UTF-16 Similarly, while the vast majority of operating systems ' UTF-16 ' is synonymous with ' utf-16-le ', writing ' Utf-16-le ' only writes 3 more characters, and in case an operating system ' UTF-16 ' becomes synonymous with ' utf-16-be ', There will be the wrong result. In fact, UTF-16 used quite a few, but it still needs attention when used.

  • Related Article

    Contact Us

    The content source of this page is from Internet, which doesn't represent Alibaba Cloud's opinion; products and services mentioned on that page don't have any relationship with Alibaba Cloud. If the content of the page makes you feel confusing, please write us an email, we will handle the problem within 5 days after receiving your email.
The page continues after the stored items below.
lemma sign_alternation_mult_one_plus_lead:
  fixes q :: "nat \<Rightarrow> real"
  assumes top: "q (L - 1) \<noteq> 0" and zero: "\<forall>i\<ge>L. q i = 0"
    and "sign_alternation (mult_one_plus q) (Suc L) m"
  shows "sign_alternation q L m"
proof -
  obtain ks s where chain: "alternating_chain (mult_one_plus q) ks s m" and "ks m < Suc L"
    using assms(3) unfolding sign_alternation_def by blast
  have incr: "\<forall>j<m. ks j < ks (Suc j)"
    and signs: "\<And>j. j \<le> m \<Longrightarrow> 0 \<le> (-1) ^ (s + j) * mult_one_plus q (ks j)"
    using chain unfolding alternating_chain_def by auto
  have ks_le: "ks j \<le> L" if "j \<le> m" for j
    using chain_le[OF incr that order_refl] \<open>ks m < Suc L\<close> by simp
  have "\<exists>kq. alternating_chain q kq s j \<and> kq j < L \<and> kq j \<le> ks j" if "j \<le> m" for j
    using that
  proof (induction j)
    case 0
    then obtain k where "k \<le> ks 0" "k < L" "0 \<le> (-1) ^ s * q k"
      using mult_one_plus_sign_first[OF top zero ks_le signs, of 0] by auto
    then have "alternating_chain q (\<lambda>_. k) s 0"
      unfolding alternating_chain_def by simp
    then show ?case
      using \<open>k \<le> ks 0\<close> \<open>k < L\<close> by blast
  next
    case (Suc j)
    then obtain kq where kq: "alternating_chain q kq s j" "kq j < L" "kq j \<le> ks j"
      by auto
    have "kq j < ks (Suc j)"
      using kq(3) incr Suc.prems by (simp add: Suc_le_eq le_less_trans)
    moreover have "(-1) ^ (s + Suc j) * q (kq j) \<le> 0"
      using kq(1) unfolding alternating_chain_def by simp
    moreover have "(-1) ^ (s + Suc j) \<noteq> (0::real)"
      by simp
    ultimately obtain k where k: "kq j < k" "k \<le> ks (Suc j)" "k < L"
        "0 \<le> (-1) ^ (s + Suc j) * q k"
      using mult_one_plus_sign_step[OF top zero _ _ ks_le[OF Suc.prems] _ signs[OF Suc.prems]]
      by blast
    then have "alternating_chain q (kq(Suc j := k)) s (Suc j)"
      using kq(1) unfolding alternating_chain_def by (auto simp: less_Suc_eq le_Suc_eq)
    moreover have "(kq(Suc j := k)) (Suc j) = k"
      by simp
    ultimately show ?case
      using k(2,3) by metis
  qed
  then show ?thesis
    unfolding sign_alternation_def by blast
qed

lemma sign_alternation_mult_one_plus:
  fixes q :: "nat \<Rightarrow> real"
  assumes "\<forall>i\<ge>L. q i = 0" "\<exists>i<L. q i \<noteq> 0" "sign_alternation (mult_one_plus q) (Suc L) m"
  shows "sign_alternation q L m"
  using assms
proof (induction L arbitrary: m)
  case 0
  then show ?case by simp
next
  case (Suc L)
  show ?case
  proof (cases "q L = 0")
    case False
    then show ?thesis
      using sign_alternation_mult_one_plus_lead Suc.prems by simp
  next
    case True
    have zero: "\<forall>i\<ge>L. q i = 0"
      using Suc.prems(1) True by (metis le_eq_less_or_eq Suc_leI)
    have nonzero: "\<exists>i<L. q i \<noteq> 0"
      using Suc.prems(2) True by (metis less_Suc_eq)
    show ?thesis
    proof (cases m)
      case 0
      then show ?thesis
        using sign_alternation_0 by simp
    next
      case (Suc m')
      then have "sign_alternation (mult_one_plus q) (Suc L) m'"
        using sign_alternation_butlast Suc.prems(3) by simp
      then have "sign_alternation q L m'"
        using Suc.IH zero nonzero by blast
      then show ?thesis
        using sign_alternation_snoc_zero True Suc by simp
    qed
  qed
qed

lemma mult_one_plus_two_nonzero:
  assumes zero: "\<forall>i\<ge>L. q i = 0" and "q i0 \<noteq> 0"
  shows "2 \<le> card {i. i < Suc L \<and> mult_one_plus q i \<noteq> 0}"
proof -
  define Z where "Z = {i. q i \<noteq> 0}"
  have "Z \<subseteq> {..<L}"
    using zero unfolding Z_def by (auto simp: not_less[symmetric])
  then have "finite Z"
    using finite_subset by blast
  have "i0 \<in> Z"
    using assms(2) unfolding Z_def by simp
  define lo where "lo = Min Z"
  define hi where "hi = Max Z"
  have lo: "lo \<in> Z" "\<forall>i\<in>Z. lo \<le> i" and hi: "hi \<in> Z" "\<forall>i\<in>Z. i \<le> hi"
    using \<open>finite Z\<close> \<open>i0 \<in> Z\<close> unfolding lo_def hi_def by (auto intro: Min_in Max_in)
  have "lo < Suc hi" "Suc hi < Suc L"
    using lo hi \<open>Z \<subseteq> {..<L}\<close> by (auto simp: less_Suc_eq_le)
  have "lo = 0 \<or> lo - 1 \<notin> Z"
    using lo(2) by (metis diff_less less_le_not_le less_one not_gr0)
  then have "mult_one_plus q lo = q lo"
    unfolding Z_def mult_one_plus_def by auto
  moreover have "mult_one_plus q (Suc hi) = q hi"
    using hi(2) unfolding Z_def mult_one_plus_def by force
  ultimately have "{lo, Suc hi} \<subseteq> {i. i < Suc L \<and> mult_one_plus q i \<noteq> 0}"
    using lo(1) hi(1) \<open>lo < Suc hi\<close> \<open>Suc hi < Suc L\<close> unfolding Z_def by auto
  from card_mono[OF _ this] show ?thesis
    using \<open>lo < Suc hi\<close> by simp
qed

section \<open>Bivariate polynomials equal to one on the line \<open>x + y = 1\<close>\<close>

definition hom_part :: "(nat \<Rightarrow> nat \<Rightarrow> real) \<Rightarrow> nat \<Rightarrow> nat \<Rightarrow> real" where
  "hom_part f k i = (if i \<le> k then f i (k - i) else 0)"

definition num_terms :: "(nat \<Rightarrow> nat \<Rightarrow> real) \<Rightarrow> nat \<Rightarrow> nat" where
  "num_terms f k = card {i. i \<le> k \<and> f i (k - i) \<noteq> 0}"

fun remainder :: "(nat \<Rightarrow> nat \<Rightarrow> real) \<Rightarrow> nat \<Rightarrow> nat \<Rightarrow> real" where
  "remainder f 0 i = (if i = 0 then 1 else 0) - hom_part f 0 i"
| "remainder f (Suc k) i = mult_one_plus (remainder f k) i - hom_part f (Suc k) i"

lemma num_terms_eq_card_hom_part:
  "num_terms f k = card {i. i < Suc k \<and> hom_part f k i \<noteq> 0}"
  unfolding num_terms_def hom_part_def by (metis less_Suc_eq_le)

lemma remainder_eq_0: "k < i \<Longrightarrow> remainder f k i = 0"
  by (induction k arbitrary: i) (auto simp: mult_one_plus_def hom_part_def)

lemma remainder_identity:
  "(\<Sum>k\<le>K. (\<Sum>i\<le>k. hom_part f k i * t ^ i) * (1 + t) ^ (K - k))
     + (\<Sum>i\<le>K. remainder f K i * t ^ i) = (1 + t) ^ K"
proof (induction K)
  case 0
  then show ?case by (simp add: hom_part_def)
next
  case (Suc K)
  define P where "P k = (\<Sum>i\<le>k. hom_part f k i * t ^ i)" for k
  define A where "A = (\<Sum>k\<le>K. P k * (1 + t) ^ (K - k))"
  define B where "B = (\<Sum>i\<le>K. remainder f K i * t ^ i)"
  have "(\<Sum>k\<le>Suc K. P k * (1 + t) ^ (Suc K - k)) = (1 + t) * A + P (Suc K)"
    unfolding A_def by (simp add: sum_distrib_left Suc_diff_le algebra_simps)
  moreover have "(\<Sum>i\<le>Suc K. remainder f (Suc K) i * t ^ i)
      = (\<Sum>i\<le>Suc K. mult_one_plus (remainder f K) i * t ^ i) - P (Suc K)"
    unfolding P_def by (simp del: sum.atMost_Suc add: left_diff_distrib sum_subtractf)
  moreover have "(\<Sum>i\<le>Suc K. mult_one_plus (remainder f K) i * t ^ i) = (1 + t) * B"
    unfolding B_def using remainder_eq_0[of K _ f] by (intro sum_mult_one_plus) simp
  ultimately have "(\<Sum>k\<le>Suc K. P k * (1 + t) ^ (Suc K - k))
      + (\<Sum>i\<le>Suc K. remainder f (Suc K) i * t ^ i)
      = (1 + t) * A + P (Suc K) + ((1 + t) * B - P (Suc K))"
    by (simp only:)
  also have "\<dots> = (1 + t) * (A + B)"
    by (simp add: algebra_simps)
  also have "A + B = (1 + t) ^ K"
    using Suc.IH unfolding A_def B_def P_def .
  finally have "(\<Sum>k\<le>Suc K. P k * (1 + t) ^ (Suc K - k))
      + (\<Sum>i\<le>Suc K. remainder f (Suc K) i * t ^ i) = (1 + t) ^ Suc K"
    by simp
  then show ?case
    unfolding P_def .
qed

lemma remainder_nonpos:
  assumes "\<forall>a b. 0 \<le> f a b" "\<forall>i. remainder f k i \<le> 0" "k \<le> k'"
  shows "remainder f k' i \<le> 0"
  using assms(3,2)
proof (induction k' arbitrary: i rule: dec_induct)
  case base
  then show ?case by simp
next
  case (step l)
  have "0 \<le> hom_part f (Suc l) i"
    using assms(1) by (simp add: hom_part_def)
  moreover have "remainder f l (i - 1) \<le> 0" "remainder f l i \<le> 0"
    using step.IH[OF step.prems] by auto
  ultimately show ?case
    by (cases i) (simp_all add: mult_one_plus_def)
qed

lemma sum_num_terms: "(\<Sum>k\<le>D. num_terms f k) = card {(a, b). a + b \<le> D \<and> f a b \<noteq> 0}"
proof -
  have fin: "finite {(a, b). a + b \<le> (D::nat)}"
    by (rule finite_subset[of _ "{..D} \<times> {..D}"]) auto
  have "{(a, b). a + b \<le> D \<and> f a b \<noteq> 0} = {x \<in> {(a, b). a + b \<le> D}. f (fst x) (snd x) \<noteq> 0}"
    by auto
  then have "card {(a, b). a + b \<le> D \<and> f a b \<noteq> 0}
      = (\<Sum>x \<in> {(a, b). a + b \<le> D}. if f (fst x) (snd x) \<noteq> 0 then 1 else 0)"
    using sum.inter_filter[OF fin, of "\<lambda>_. 1::nat"] by simp
  also have "\<dots> = (\<Sum>(a, b) | a + b \<le> D. if f a b \<noteq> 0 then 1 else 0)"
    by (simp add: case_prod_beta)
  also have "\<dots> = (\<Sum>k\<le>D. \<Sum>i\<le>k. if f i (k - i) \<noteq> 0 then 1 else 0)"
    by (rule sum.triangle_reindex_eq)
  also have "\<dots> = (\<Sum>k\<le>D. num_terms f k)"
    unfolding num_terms_def by (simp add: sum.If_cases Int_def conj_commute)
  finally show ?thesis ..
qed

locale unit_on_line =
  fixes f :: "nat \<Rightarrow> nat \<Rightarrow> real" and D :: nat
  assumes nonneg: "0 \<le> f a b"
    and top_degree: "\<exists>a\<le>D. f a (D - a) \<noteq> 0"
    and sum_eq_1: "(\<Sum>(a, b) | a + b \<le> D. f a b * x ^ a * (1 - x) ^ b) = 1"
begin

lemma hom_part_nonneg: "0 \<le> hom_part f k i"
  using nonneg by (simp add: hom_part_def)

text \<open>The substitution \<open>x = t / (1 + t)\<close>, \<open>1 - x = 1 / (1 + t)\<close>.\<close>

lemma dehomogenized_identity:
  assumes "0 \<le> t"
  shows "(\<Sum>k\<le>D. (\<Sum>i\<le>k. hom_part f k i * t ^ i) * (1 + t) ^ (D - k)) = (1 + t) ^ D"
proof -
  define x where "x = t / (1 + t)"
  have "1 + t \<noteq> 0"
    using assms by simp
  then have x: "x * (1 + t) = t" "(1 - x) * (1 + t) = 1"
    unfolding x_def by (simp_all add: field_simps)
  have scaled: "f a b * x ^ a * (1 - x) ^ b * (1 + t) ^ D = f a b * t ^ a * (1 + t) ^ (D - (a + b))"
    if "a + b \<le> D" for a b
  proof -
    have "(1 + t) ^ D = (1 + t) ^ a * (1 + t) ^ b * (1 + t) ^ (D - (a + b))"
      using that by (simp flip: power_add)
    then have "f a b * x ^ a * (1 - x) ^ b * (1 + t) ^ D
        = f a b * (x * (1 + t)) ^ a * ((1 - x) * (1 + t)) ^ b * (1 + t) ^ (D - (a + b))"
      by (simp add: power_mult_distrib ac_simps)
    then show ?thesis
      using x by simp
  qed
  have "(1 + t) ^ D = (\<Sum>(a, b) | a + b \<le> D. f a b * x ^ a * (1 - x) ^ b) * (1 + t) ^ D"
    using sum_eq_1 by simp
  also have "\<dots> = (\<Sum>(a, b) | a + b \<le> D. f a b * t ^ a * (1 + t) ^ (D - (a + b)))"
    unfolding sum_distrib_right by (rule sum.cong) (auto simp: scaled)
  also have "\<dots> = (\<Sum>k\<le>D. \<Sum>i\<le>k. f i (k - i) * t ^ i * (1 + t) ^ (D - (i + (k - i))))"
    by (rule sum.triangle_reindex_eq)
  also have "\<dots> = (\<Sum>k\<le>D. (\<Sum>i\<le>k. hom_part f k i * t ^ i) * (1 + t) ^ (D - k))"
    by (auto simp: sum_distrib_right hom_part_def intro!: sum.cong)
  finally show ?thesis ..
qed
    If you find any instances of plagiarism from the community, please send an email to: info-contact@alibabacloud.com and provide relevant evidence. A staff member will contact you within 5 working days.

    A Free Trial That Lets You Build Big!

    Start building with 50+ products and up to 12 months usage for Elastic Compute Service

    • Sales Support

      1 on 1 presale consultation

    • After-Sales Support

      24/7 Technical Support 6 Free Tickets per Quarter Faster Response

    • Alibaba Cloud offers highly flexible support services tailored to meet your exact needs.